Трудность, связанную с неуловимостью и неустойчивостью внутренних мотивов поведения, историки аналитической школы стремились преодолеть на основе учения о диспозициях, введенного Г. Райлом для научных терминов. На его основе и сложилась концепция «рационального действия», согласно которой: если мотив У является для субъекта А рациональным, чтобы совершить действие X, то он рационален и для всякого другого, кто действует или объясняет действие при условии сохранения данных условий. «Рациональная модель объяснения действий, — писал Дрей, — не требует ни того, чтобы мотивы или убеждения исторического деятеля возводились бы в ранг необходимых условий действия с помощью некоторого закона, ни того, чтобы им придавали значение достаточных условий» (Там же. С. 66). Здесь речь идет не о логической дедукции события из универсального закона, а об оценке рациональности действия.
Слабость такого рода подхода очевидна: во-первых, расчеты часто оказываются просчетами; во-вторых, намерения не всегда реализуются из-за изменившихся обстоятельств или слабости субъекта действия; в-третьих, существуют осознанные и неосознанные мотивы, причем как в сфере самих исторических агентов, так и изучающих их поступки историков, которые не всегда различают современные и прошлые представления о рациональности. По сути дела в спорах об «охватывающем законе» в исторической науке выявились крайние позиции. И. Берлин писал: «Несмотря на все старания открыть законы истории, не было найдено ни одного даже мало-мальски достоверного принципа, исходя из которого историки могпи, зная начальные условия, дедуцировать прошлые или будущие события» (J.Berlin. The Concept of scientific History. Philosophical Analysis and History. N.Y., 1966. Р. 13). Положительным результатом прошедшей дискуссии является ограничение принципа дедукции, с абсолютизацией которого мы сталкиваемся и в работе Риккерта. Стала ясной неуниверсальность дедуктивно-номологической модели научного объяснения: тезис о «дедукции» скрыто предполагает опору на «обстоятельства», которые определяют то или иное историческое событие, что приводит к «вырождению» объяснения, которое перестает быть законосообразным и относится только к индивидуальному событию. Многие участники дискуссии подвергли серьезной критике убеждение Дрея в том, что если дан мотив поступка, то из него можно вывести сам поступок. Скорее, мотив выводится из поступка и, таким образом, не обладает приписываемой ему объясняющей силой.

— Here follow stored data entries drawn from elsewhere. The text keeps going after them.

lemma borel_measurable_semiconj_defect:
  fixes \<rho>0 \<rho>1 :: "'g::topological_space \<Rightarrow> complex \<Rightarrow> complex"
  assumes "circle_map \<phi>" and "\<And>g. homeo_plus (\<rho>0 g)" and "\<And>g. circle_map (\<rho>1 g)"
    and "continuous_on (UNIV \<times> S1) (\<lambda>(g, z). \<rho>0 g z)"
    and "continuous_on (UNIV \<times> S1) (\<lambda>(g, z). \<rho>1 g z)"
  shows "(\<lambda>g. real_of_int (semiconj_defect \<phi> (\<rho>0 g) (\<rho>1 g))) \<in> borel_measurable borel"
proof -
  let ?\<Phi> = "circle_lift \<phi>" and ?z = "ecirc (circle_lift \<phi> 0)"
  define F where "F g =
    (if ang (\<rho>0 g 1) \<le> ang (\<rho>0 g ?z) then ang (\<rho>0 g ?z) else ang (\<rho>0 g ?z) + 1)
      - ?\<Phi> (ang (\<rho>1 g 1))" for g
  have "semiconj_defect \<phi> (\<rho>0 g) (\<rho>1 g) = \<lfloor>F g\<rfloor>" for g
    unfolding semiconj_defect_def F_def
    using circle_lift_eq_ang[OF assms(2) circle_lift_props(2,3)[OF assms(1)]]
      circle_lift_0_eq_ang[OF assms(3)] by simp
  moreover have "F \<in> borel_measurable borel"
  proof -
    have [measurable]: "(\<lambda>g. ang (\<rho>0 g 1)) \<in> borel_measurable borel"
      "(\<lambda>g. ang (\<rho>0 g ?z)) \<in> borel_measurable borel" "(\<lambda>g. ang (\<rho>1 g 1)) \<in> borel_measurable borel"
      using borel_measurable_ang_orbit[OF assms(4), of 1] borel_measurable_ang_orbit[OF assms(4) ecirc_in_S1]
        borel_measurable_ang_orbit[OF assms(5), of 1] by simp_all
    have [measurable]: "?\<Phi> \<in> borel_measurable borel"
      using circle_lift_props(1)[OF assms(1)] borel_measurable_continuous_onI unfolding is_lift_def by blast
    show ?thesis
      unfolding F_def[abs_def] by measurable
  qed
  ultimately show ?thesis
    using measurable_compose[OF _ borel_measurable_real_floor] by simp
qed
(* Let $\rho>0$ and $(l,m,n)\in\mathbb{Z}_+^3$ with $n+\min\{l,m\}\ge1$. With $\tau=\inf\{s\ge0:(a(s),b(s),c(s))\in\mathcal S\}$, $\mathcal S=\{(0,0,1),(1,1,0)\}$, $\mathbb{E}_{l,m,n,0}[s(\tau)]=\frac{\rho}{2}\mathbb{E}_{l,m,n,0}\Bigl[\int_0^\tau c(u)\,du\Bigr]=\frac{\rho}{2}\sum_{(l',m',n')\in\mathbb{Z}_+^3\setminus(\{\mathbf 0\}\cup\mathcal S)}\int_0^\infty n'\,\mathbb{P}_{l,m,n,0}[(a(u),b(u),c(u))=(l',m',n')]\,du$.
   Context: The ancestral chain $(a(t),b(t),c(t))$ with parameter $\rho$ is the continuous-time Markov chain on $\mathbb{Z}_+^3\setminus\{\mathbf 0\}$ which from $(a,b,c)$ jumps to $(a+1,b+1,c-1)$ at rate $c\rho/2$ (a recombination event), to $(a-1,b-1,c+1)$ at rate $ab$, to $(a-1,b,c)$ at rate $ac+a(a-1)/2$, to $(a,b-1,c)$ at rate $bc+b(b-1)/2$, and to $(a,b,c-1)$ at rate $c(c-1)/2$. $s(t)$ is the number of recombination jumps in $(0,t)$; subscript $l,m,n,0$ means initial state $(l,m,n)$ and $s(0)=0$. *)

theory Defs
  imports "HOL-Probability.Probability"
begin

type_synonym state = "nat \<times> nat \<times> nat"

text \<open>Transitions out of state (a,b,c): list of (rate, (is_recombination, target)).\<close>
fun anc_rates :: "real \<Rightarrow> state \<Rightarrow> (real \<times> bool \<times> state) list" where
  "anc_rates \<rho> (a, b, c) =
     [ (real c * \<rho> / 2, (True, (a + 1, b + 1, c - 1))),
       (real a * real b, (False, (a - 1, b - 1, c + 1))),
       (real a * real c + real a * (real a - 1) / 2, (False, (a - 1, b, c))),
       (real b * real c + real b * (real b - 1) / 2, (False, (a, b - 1, c))),
       (real c * (real c - 1) / 2, (False, (a, b, c - 1))) ]"

definition anc_qtot :: "real \<Rightarrow> state \<Rightarrow> real" where
  "anc_qtot \<rho> x = sum_list (map fst (anc_rates \<rho> x))"

text \<open>Inverse-CDF selection of a transition from a list of rates.\<close>
fun pick :: "(real \<times> 'a) list \<Rightarrow> real \<Rightarrow> 'a option" where
  "pick [] t = None"
| "pick ((r, y) # rs) t = (if t < r then Some y else pick rs (t - r))"

text \<open>Jump of the embedded chain from x driven by a uniform variable u in [0,1].\<close>
definition anc_jump :: "real \<Rightarrow> state \<Rightarrow> real \<Rightarrow> bool \<times> state" where
  "anc_jump \<rho> x u = (case pick (anc_rates \<rho> x) (u * anc_qtot \<rho> x) of
       None \<Rightarrow> (False, x) | Some z \<Rightarrow> z)"

definition anc_driver :: "(real \<times> real) stream measure" where
  "anc_driver = stream_space
     (uniform_measure lborel {0..1::real} \<Otimes>\<^sub>M density lborel (exponential_density 1))"

primrec anc_jc :: "real \<Rightarrow> state \<Rightarrow> (real \<times> real) stream \<Rightarrow> nat \<Rightarrow> state" where
  "anc_jc \<rho> x0 \<omega> 0 = x0"
| "anc_jc \<rho> x0 \<omega> (Suc k) = snd (anc_jump \<rho> (anc_jc \<rho> x0 \<omega> k) (fst (\<omega> !! k)))"

text \<open>Whether the k-th jump (occurring at time anc_jt (Suc k)) is a recombination.\<close>
definition anc_recomb :: "real \<Rightarrow> state \<Rightarrow> (real \<times> real) stream \<Rightarrow> nat \<Rightarrow> bool" where
  "anc_recomb \<rho> x0 \<omega> k = fst (anc_jump \<rho> (anc_jc \<rho> x0 \<omega> k) (fst (\<omega> !! k)))"

definition anc_hold :: "real \<Rightarrow> state \<Rightarrow> (real \<times> real) stream \<Rightarrow> nat \<Rightarrow> ereal" where
  "anc_hold \<rho> x0 \<omega> k =
     (if anc_qtot \<rho> (anc_jc \<rho> x0 \<omega> k) = 0 then \<infinity>
      else ereal (snd (\<omega> !! k) / anc_qtot \<rho> (anc_jc \<rho> x0 \<omega> k)))"

definition anc_jt :: "real \<Rightarrow> state \<Rightarrow> (real \<times> real) stream \<Rightarrow> nat \<Rightarrow> ereal" where
  "anc_jt \<rho> x0 \<omega> k = (\<Sum>i<k. anc_hold \<rho> x0 \<omega> i)"

text \<open>Position (a(t),b(t),c(t)) of the continuous-time chain (right-continuous);
  the dummy value (0,0,0) is used after a (null-probability) explosion.\<close>
definition anc_pos :: "real \<Rightarrow> state \<Rightarrow> (real \<times> real) stream \<Rightarrow> real \<Rightarrow> state" where
  "anc_pos \<rho> x0 \<omega> t =
     (if \<exists>k. ereal t < anc_jt \<rho> x0 \<omega> (Suc k)
      then anc_jc \<rho> x0 \<omega> (LEAST k. ereal t < anc_jt \<rho> x0 \<omega> (Suc k))
      else (0, 0, 0))"

text \<open>s(t): number of recombination jumps in the open interval (0,t).\<close>
definition anc_nrec :: "real \<Rightarrow> state \<Rightarrow> (real \<times> real) stream \<Rightarrow> ereal \<Rightarrow> ennreal" where
  "anc_nrec \<rho> x0 \<omega> t =
     (\<Sum>k. if anc_recomb \<rho> x0 \<omega> k \<and> 0 < anc_jt \<rho> x0 \<omega> (Suc k) \<and> anc_jt \<rho> x0 \<omega> (Suc k) < t
          then 1 else 0)"

definition anc_S :: "state set" where
  "anc_S = {(0, 0, 1), (1, 1, 0)}"

definition anc_tau :: "real \<Rightarrow> state \<Rightarrow> (real \<times> real) stream \<Rightarrow> ereal" where
  "anc_tau \<rho> x0 \<omega> = Inf {ereal t | t. 0 \<le> t \<and> anc_pos \<rho> x0 \<omega> t \<in> anc_S}"

end

theory Submission
  imports Defs
begin

text \<open>
  The chain is realised by a jump chain X_k driven by i.i.d. pairs (U_k, E_k): the k-th jump is
  chosen by U_k and lasts E_k / q(X_k). The set S is absorbing, so on every path the jumps before
  \<tau> are exactly those made from states outside S. Hence s(\<tau>) is the sum over k of the
  indicators [X_k \<notin> S, U_k q(X_k) < c_k \<rho>/2], and the integral of c(u) over [0, \<tau>) is the sum
  of [X_k \<notin> S] c_k E_k / q(X_k). Since (U_k, E_k) is independent of X_0, ..., X_k, the
  summands can be averaged over (U_k, E_k) first, giving c_k \<rho> / (2 q(X_k)) and c_k / q(X_k):
  they differ exactly by the factor \<rho>/2. The second identity is Tonelli's theorem, exchanging the
  expectation, the time integral and the sum over the states outside {0} \<union> S.
\<close>

section \<open>The driving randomness\<close>

abbreviation anc_step :: "(real \<times> real) measure" where
  "anc_step \<equiv> uniform_measure lborel {0..1::real} \<Otimes>\<^sub>M density lborel (exponential_density 1)"
(* $\mathscr{F}_4\supseteq\mathscr{F}_{\mathrm{AIFV}}$.
   Context: $\mathcal{S}$ is a finite source alphabet with $|\mathcal{S}|\ge 2$ and $\mathcal{C}=\{0,1\}$; $\mathcal{A}^k,\mathcal{A}^{\ast},\mathcal{A}^{+}$ are sequences of length $k$, finite, positive finite length; $\lambda$ empty sequence; $\preceq$ prefix, $\prec$ proper prefix; $\mathrm{suff}(x_1\cdots x_n)=x_2\cdots x_n$. A code-tuple $F$ with $m\ge1$ code tables consists of maps $f_i:\mathcal{S}\to\mathcal{C}^{\ast}$ and $\tau_i:\mathcal{S}\to\{0,\dots,m-1\}$, $i\in[F]=\{0,\dots,m-1\}$; $|F|=m$. $f_i^{\ast}(\lambda)=\lambda$, $f_i^{\ast}(\pmb{x})=f_i(x_1)f^{\ast}_{\tau_i(x_1)}(\mathrm{suff}(\pmb{x}))$. For integer $k\ge0$, $\pmb{b}\in\mathcal{C}^{\ast}$: $\mathcal{P}^k_{F,i}(\pmb{b})$ is the set of $\pmb{c}\in\mathcal{C}^k$ such that some $\pmb{x}=x_1\cdots x_n\in\mathcal{S}^{+}$ has $f_i^{\ast}(\pmb{x})\succeq\pmb{b}\pmb{c}$ and $f_i(x_1)\succeq\pmb{b}$; $\bar{\mathcal{P}}^k_{F,i}(\pmb{b})$ the same with $f_i(x_1)\succ\pmb{b}$; $\mathcal{P}^k_{F,i}=\mathcal{P}^k_{F,i}(\lambda)$. $F$ is $2$-bit delay decodable ($F\in\mathscr{F}_{2\text{-}\mathrm{dec}}$) if $\mathcal{P}^2_{F,\tau_i(s)}\cap\bar{\mathcal{P}}^2_{F,i}(f_i(s))=\emptyset$ for all $i,s$, and $\mathcal{P}^2_{F,\tau_i(s)}\cap\mathcal{P}^2_{F,\tau_i(s')}=\emptyset$ whenever $s\ne s'$, $f_i(s)=f_i(s')$. Fix $\mu:\mathcal{S}\to(0,1]$ with $\sum_s\mu(s)=1$; $Q(F)$ is the $|F|\times|F|$ matrix with $Q_{i,j}(F)=\sum_{s:\tau_i(s)=j}\mu(s)$; $F$ is regular ($F\in\mathscr{F}_{\mathrm{reg}}$) if $\pmb{\pi}Q(F)=\pmb{\pi}$, $\sum_i\pi_i=1$ has a unique solution. $\mathscr{F}_4$ is the set of $F\in\mathscr{F}_{\mathrm{reg}}\cap\mathscr{F}_{2\text{-}\mathrm{dec}}$ with $|F|=2$, $\mathcal{P}^2_{F,0}=\{00,01,10,11\}$ and $\mathcal{P}^2_{F,1}=\{01,10,11\}$. $\mathscr{F}_{\mathrm{AIFV}}$ is the set of code-tuples $F$ with $|F|=2$ satisfying: (i) $f_0,f_1$ injective; (ii) for all $i\in\{0,1\}$, $s$: $1\notin\bar{\mathcal{P}}^1_{F,i}(f_i(s))$ and $1\notin\bar{\mathcal{P}}^1_{F,i}(f_i(s)0)$; (iii) $f_i(s')\ne f_i(s)0$ for all $i,s,s'$; (iv) $\tau_i(s)=0$ if $\bar{\mathcal{P}}^0_{F,i}(f_i(s))=\emptyset$, and $\tau_i(s)=1$ otherwise; (v) $f_1(s)\ne\lambda$ and $f_1(s)\ne0$ for all $s$; (vi) $0\notin\bar{\mathcal{P}}^1_{F,1}(0)$; (vii) for all $i\in\{0,1\}$, $\pmb{b}\in\mathcal{C}^{\ast}$ with $|\bar{\mathcal{P}}^1_{F,i}(\pmb{b})|=1$: either $f_i(s)\pmb{c}=\pmb{b}$ for some $s\in\mathcal{S}$, $\pmb{c}\in\mathcal{C}^0\cup\mathcal{C}^1$, or $(i,\pmb{b})=(1,0)$. *)

theory Defs
  imports Complex_Main "HOL-Library.Sublist"
begin

text \<open>Code alphabet C = {0,1} is represented by bool: False = 0, True = 1.
  A code-tuple F with m tables is given by m, f :: nat => 'a => bool list and
  tau :: nat => 'a => nat; only the tables i < m are meaningful.\<close>

definition code_tuple :: "nat \<Rightarrow> (nat \<Rightarrow> 'a \<Rightarrow> bool list) \<Rightarrow> (nat \<Rightarrow> 'a \<Rightarrow> nat) \<Rightarrow> bool" where
  "code_tuple m f \<tau> \<longleftrightarrow> m \<ge> 1 \<and> (\<forall>i<m. \<forall>s. \<tau> i s < m)"

fun fstar :: "(nat \<Rightarrow> 'a \<Rightarrow> bool list) \<Rightarrow> (nat \<Rightarrow> 'a \<Rightarrow> nat) \<Rightarrow> nat \<Rightarrow> 'a list \<Rightarrow> bool list" where
  "fstar f \<tau> i [] = []"
| "fstar f \<tau> i (x # xs) = f i x @ fstar f \<tau> (\<tau> i x) xs"

definition Pset :: "(nat \<Rightarrow> 'a \<Rightarrow> bool list) \<Rightarrow> (nat \<Rightarrow> 'a \<Rightarrow> nat) \<Rightarrow> nat \<Rightarrow> nat \<Rightarrow> bool list \<Rightarrow> bool list set" where
  "Pset f \<tau> k i b = {c. length c = k \<and> (\<exists>x. x \<noteq> [] \<and> prefix (b @ c) (fstar f \<tau> i x) \<and> prefix b (f i (hd x)))}"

Все это не означает, что теория рационального действия не имеет вообще никакого значения. Но она должна быть дополнена другими моделями поведения. Для этого полезно воспроизвести старые, ныне незаслуженно забытые концепции немецких историков. Их имена упоминаются, а высказывания цитируются, но все это напоминает какие-то клише: Риккерт исходил из кантонского понимания свободы и указывал на абсолютные ценности, определяющие поведение на основе нравственного долга. Кассирер опирался на символические структуры, играющие нормативную роль при организации порядка в различных сферах жизнедеятельности. Вебер разработал концепцию целерационального действия, в которой дополняли друг друга принцип экономии и целесообразности. Этих в принципе верных оценок все-таки явно недостаточно, и требуется изучение оригинальных работ, в которых упоминаемые авторы не ограничиваются абстрактными утверждениями или морализациями, а стремятся представить историю как сложное поле взаимодействия и взаимопереплетения раз неродных и разнонаправленных сил.
ГЕРМЕНЕВТИКА
Дополнительность номологического, нормативно-ценностного и герменевтического подходов может быть реализована в плоскости коммуникации. В этом случае социальные институты, задающие критерии рационального решения, а также технического, инструментального действия, и духовная общность людей на основе традиций, идеалов и ценностей опосредуют друг друга в процессе человеческой коммуникации. Культурные феномены имеют двойственную природу: с одной стороны, они играют функциональную роль, а с другой — являются носителями социальных значений и смыслов. Именно это обстоятельство открывает взаимную дополняемость естественных и гуманитарных наук.